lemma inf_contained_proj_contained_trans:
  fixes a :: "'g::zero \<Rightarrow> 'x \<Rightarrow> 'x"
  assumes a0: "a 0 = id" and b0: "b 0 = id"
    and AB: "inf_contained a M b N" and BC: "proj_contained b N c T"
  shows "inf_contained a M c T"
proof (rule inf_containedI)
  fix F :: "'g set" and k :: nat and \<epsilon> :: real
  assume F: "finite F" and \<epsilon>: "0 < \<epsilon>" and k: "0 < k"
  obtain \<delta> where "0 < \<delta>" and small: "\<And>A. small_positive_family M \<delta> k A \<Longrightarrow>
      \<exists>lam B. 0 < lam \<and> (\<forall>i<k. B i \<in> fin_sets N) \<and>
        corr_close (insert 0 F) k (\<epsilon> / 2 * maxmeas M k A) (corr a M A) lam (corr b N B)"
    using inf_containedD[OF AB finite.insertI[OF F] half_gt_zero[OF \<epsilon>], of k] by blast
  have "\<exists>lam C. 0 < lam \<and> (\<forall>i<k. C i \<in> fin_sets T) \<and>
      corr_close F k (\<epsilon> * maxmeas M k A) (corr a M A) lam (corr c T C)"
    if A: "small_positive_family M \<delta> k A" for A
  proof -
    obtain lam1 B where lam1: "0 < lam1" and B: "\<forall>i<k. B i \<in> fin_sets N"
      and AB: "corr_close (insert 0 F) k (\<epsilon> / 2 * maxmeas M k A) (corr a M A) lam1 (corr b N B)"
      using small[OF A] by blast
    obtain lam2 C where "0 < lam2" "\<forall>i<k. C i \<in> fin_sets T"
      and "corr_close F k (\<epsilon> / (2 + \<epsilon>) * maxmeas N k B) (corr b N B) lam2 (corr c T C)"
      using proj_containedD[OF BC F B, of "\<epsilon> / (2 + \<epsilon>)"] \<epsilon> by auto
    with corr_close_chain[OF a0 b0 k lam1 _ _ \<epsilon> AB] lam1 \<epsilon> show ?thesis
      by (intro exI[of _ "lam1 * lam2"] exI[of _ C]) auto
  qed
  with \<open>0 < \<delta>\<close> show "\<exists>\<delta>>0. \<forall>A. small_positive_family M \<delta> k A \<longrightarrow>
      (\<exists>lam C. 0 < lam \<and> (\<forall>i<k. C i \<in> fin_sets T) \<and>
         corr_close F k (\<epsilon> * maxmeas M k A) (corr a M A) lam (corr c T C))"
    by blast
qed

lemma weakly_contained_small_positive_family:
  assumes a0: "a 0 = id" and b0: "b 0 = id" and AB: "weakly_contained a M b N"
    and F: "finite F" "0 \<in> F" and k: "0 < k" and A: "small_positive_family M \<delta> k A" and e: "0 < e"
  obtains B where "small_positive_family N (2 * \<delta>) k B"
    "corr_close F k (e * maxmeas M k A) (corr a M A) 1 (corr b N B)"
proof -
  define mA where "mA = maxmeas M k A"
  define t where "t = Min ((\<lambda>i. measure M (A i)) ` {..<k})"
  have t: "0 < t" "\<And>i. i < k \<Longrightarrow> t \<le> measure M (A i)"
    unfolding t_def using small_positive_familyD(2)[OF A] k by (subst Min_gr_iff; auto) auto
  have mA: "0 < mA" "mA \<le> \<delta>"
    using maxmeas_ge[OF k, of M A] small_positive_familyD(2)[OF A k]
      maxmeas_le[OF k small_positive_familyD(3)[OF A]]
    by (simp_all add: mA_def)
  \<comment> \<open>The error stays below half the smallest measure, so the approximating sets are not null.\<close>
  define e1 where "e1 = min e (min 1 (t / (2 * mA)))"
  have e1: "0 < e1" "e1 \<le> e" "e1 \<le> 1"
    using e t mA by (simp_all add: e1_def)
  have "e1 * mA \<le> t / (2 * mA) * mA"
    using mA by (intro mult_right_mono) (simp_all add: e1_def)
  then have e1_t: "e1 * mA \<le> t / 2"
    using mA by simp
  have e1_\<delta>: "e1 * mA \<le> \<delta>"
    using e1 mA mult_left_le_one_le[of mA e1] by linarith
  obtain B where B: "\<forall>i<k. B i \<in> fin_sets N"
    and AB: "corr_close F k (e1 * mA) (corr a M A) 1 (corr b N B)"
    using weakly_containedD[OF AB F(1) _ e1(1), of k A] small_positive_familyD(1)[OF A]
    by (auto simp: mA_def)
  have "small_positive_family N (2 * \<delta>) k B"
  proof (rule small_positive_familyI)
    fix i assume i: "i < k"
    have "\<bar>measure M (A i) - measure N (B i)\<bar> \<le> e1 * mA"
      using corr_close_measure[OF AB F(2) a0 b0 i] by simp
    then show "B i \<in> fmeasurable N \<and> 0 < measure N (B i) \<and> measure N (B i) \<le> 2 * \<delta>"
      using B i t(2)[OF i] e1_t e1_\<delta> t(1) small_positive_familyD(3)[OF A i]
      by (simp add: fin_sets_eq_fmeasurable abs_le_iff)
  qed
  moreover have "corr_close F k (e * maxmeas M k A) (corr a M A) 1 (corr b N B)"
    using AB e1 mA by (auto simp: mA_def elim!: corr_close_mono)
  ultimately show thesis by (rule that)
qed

------------------------

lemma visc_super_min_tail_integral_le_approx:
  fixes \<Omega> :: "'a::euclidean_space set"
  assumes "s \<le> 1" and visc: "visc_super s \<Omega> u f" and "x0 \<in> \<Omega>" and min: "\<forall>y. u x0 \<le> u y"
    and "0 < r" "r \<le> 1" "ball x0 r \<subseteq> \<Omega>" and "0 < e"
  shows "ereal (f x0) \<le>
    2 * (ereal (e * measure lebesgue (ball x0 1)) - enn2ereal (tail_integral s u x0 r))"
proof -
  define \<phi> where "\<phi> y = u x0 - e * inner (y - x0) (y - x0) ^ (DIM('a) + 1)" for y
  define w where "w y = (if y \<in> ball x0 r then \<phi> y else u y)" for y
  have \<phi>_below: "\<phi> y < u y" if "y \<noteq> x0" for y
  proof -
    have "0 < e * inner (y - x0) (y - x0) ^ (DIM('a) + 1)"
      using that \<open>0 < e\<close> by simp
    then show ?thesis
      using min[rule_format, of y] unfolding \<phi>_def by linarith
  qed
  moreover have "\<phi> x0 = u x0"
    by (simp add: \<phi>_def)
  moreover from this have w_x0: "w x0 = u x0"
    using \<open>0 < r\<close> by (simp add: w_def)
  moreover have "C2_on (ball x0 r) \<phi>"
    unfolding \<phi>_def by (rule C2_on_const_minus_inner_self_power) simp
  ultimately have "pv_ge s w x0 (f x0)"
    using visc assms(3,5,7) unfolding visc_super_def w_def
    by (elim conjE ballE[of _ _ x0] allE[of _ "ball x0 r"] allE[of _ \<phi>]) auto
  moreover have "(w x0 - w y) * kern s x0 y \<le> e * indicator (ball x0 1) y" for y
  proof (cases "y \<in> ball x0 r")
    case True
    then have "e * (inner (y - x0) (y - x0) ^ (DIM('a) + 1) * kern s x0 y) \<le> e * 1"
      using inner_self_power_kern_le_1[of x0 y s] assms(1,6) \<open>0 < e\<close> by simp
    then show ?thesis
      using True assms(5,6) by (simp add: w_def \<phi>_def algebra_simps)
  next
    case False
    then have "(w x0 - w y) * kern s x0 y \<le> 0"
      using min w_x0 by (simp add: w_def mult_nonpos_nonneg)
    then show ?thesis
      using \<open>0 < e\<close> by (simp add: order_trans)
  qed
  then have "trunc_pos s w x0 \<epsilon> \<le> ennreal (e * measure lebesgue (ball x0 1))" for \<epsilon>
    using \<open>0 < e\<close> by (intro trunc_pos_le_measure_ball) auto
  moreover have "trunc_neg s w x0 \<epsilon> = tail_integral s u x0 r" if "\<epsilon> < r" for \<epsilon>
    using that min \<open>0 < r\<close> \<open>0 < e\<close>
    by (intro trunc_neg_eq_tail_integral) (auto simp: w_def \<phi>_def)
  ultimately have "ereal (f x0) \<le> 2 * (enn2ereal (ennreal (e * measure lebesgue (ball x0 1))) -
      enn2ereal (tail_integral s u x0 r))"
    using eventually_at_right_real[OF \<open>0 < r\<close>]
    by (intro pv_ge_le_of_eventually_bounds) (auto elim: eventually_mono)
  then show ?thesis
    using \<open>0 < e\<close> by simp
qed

------------------------

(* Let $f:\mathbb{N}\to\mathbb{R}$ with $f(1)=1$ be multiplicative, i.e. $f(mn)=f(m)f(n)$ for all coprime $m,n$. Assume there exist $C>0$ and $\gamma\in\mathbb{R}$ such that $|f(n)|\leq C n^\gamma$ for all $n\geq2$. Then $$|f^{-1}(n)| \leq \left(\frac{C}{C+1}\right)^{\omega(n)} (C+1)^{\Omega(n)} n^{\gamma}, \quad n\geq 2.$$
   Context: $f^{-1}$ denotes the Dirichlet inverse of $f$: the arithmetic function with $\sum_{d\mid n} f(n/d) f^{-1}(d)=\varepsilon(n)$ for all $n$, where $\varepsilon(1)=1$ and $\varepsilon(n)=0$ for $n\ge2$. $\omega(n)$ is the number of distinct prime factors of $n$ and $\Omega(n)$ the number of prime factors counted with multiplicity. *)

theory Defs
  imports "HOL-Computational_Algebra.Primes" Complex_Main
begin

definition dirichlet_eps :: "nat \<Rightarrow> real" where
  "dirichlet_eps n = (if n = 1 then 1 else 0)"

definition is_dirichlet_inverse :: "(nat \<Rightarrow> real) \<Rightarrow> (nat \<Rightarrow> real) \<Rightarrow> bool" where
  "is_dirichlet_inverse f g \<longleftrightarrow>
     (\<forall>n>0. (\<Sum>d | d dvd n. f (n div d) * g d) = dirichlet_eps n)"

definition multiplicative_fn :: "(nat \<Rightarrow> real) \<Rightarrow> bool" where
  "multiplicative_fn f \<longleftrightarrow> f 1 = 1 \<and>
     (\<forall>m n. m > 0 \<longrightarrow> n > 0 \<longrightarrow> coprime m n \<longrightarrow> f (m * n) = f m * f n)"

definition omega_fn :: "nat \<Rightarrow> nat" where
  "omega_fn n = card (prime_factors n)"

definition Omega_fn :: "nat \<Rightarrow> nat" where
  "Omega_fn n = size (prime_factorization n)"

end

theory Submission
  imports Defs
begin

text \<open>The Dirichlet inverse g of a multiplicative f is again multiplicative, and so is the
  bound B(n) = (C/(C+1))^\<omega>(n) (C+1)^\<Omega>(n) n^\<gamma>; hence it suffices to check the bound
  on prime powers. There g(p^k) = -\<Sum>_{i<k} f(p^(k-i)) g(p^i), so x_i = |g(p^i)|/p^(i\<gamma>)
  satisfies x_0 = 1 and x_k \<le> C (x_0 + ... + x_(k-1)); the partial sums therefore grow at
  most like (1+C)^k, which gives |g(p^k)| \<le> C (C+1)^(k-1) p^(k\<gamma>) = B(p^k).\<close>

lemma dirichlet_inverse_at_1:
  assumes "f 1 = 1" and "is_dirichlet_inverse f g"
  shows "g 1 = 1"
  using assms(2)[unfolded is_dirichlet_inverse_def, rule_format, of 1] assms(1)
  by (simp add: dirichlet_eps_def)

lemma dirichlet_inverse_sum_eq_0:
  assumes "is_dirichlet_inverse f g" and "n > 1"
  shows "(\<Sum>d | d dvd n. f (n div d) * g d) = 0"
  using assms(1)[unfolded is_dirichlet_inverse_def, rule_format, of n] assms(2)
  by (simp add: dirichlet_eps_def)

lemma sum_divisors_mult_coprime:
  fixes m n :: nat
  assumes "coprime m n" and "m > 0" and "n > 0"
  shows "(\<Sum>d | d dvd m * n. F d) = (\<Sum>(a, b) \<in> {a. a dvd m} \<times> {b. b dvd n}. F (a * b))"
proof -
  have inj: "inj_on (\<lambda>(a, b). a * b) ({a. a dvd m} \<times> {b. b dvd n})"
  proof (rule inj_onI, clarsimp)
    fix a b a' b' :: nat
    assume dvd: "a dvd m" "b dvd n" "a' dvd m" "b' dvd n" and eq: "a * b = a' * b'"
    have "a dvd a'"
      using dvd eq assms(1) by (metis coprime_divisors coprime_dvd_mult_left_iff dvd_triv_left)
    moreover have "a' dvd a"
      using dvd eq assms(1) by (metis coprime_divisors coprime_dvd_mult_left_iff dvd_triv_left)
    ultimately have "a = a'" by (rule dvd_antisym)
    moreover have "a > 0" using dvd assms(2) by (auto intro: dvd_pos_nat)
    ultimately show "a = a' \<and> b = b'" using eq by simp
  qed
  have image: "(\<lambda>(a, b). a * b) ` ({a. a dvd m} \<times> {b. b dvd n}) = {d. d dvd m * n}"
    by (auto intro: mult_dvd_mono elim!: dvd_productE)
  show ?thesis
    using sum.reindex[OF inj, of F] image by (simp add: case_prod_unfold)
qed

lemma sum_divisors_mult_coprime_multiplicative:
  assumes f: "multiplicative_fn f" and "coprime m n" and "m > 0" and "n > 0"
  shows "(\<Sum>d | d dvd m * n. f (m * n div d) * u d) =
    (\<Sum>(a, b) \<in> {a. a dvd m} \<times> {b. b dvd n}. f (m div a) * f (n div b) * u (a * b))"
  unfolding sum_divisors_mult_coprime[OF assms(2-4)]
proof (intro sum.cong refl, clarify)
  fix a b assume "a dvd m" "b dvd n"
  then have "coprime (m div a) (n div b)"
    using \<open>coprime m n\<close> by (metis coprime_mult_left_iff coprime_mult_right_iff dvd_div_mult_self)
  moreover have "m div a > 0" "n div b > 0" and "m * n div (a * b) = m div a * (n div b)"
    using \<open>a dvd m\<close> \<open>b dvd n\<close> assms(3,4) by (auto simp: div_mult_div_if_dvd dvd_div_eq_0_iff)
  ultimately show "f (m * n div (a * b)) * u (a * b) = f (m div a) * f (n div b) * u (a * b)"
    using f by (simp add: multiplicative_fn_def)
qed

------------------------

_Exercise directions_
Nothing should appear in the answer except the lines above from the line with "2 * (ereal (e" through the line with "define w where", both included, written out exactly.

_Reply_
    2 * (ereal (e * measure lebesgue (ball x0 1)) - enn2ereal (tail_integral s u x0 r))"
proof -
  define \<phi> where "\<phi> y = u x0 - e * inner (y - x0) (y - x0) ^ (DIM('a) + 1)" for y
  define w where "w y = (if y \<in> ball x0 r then \<phi> y else u y)" for y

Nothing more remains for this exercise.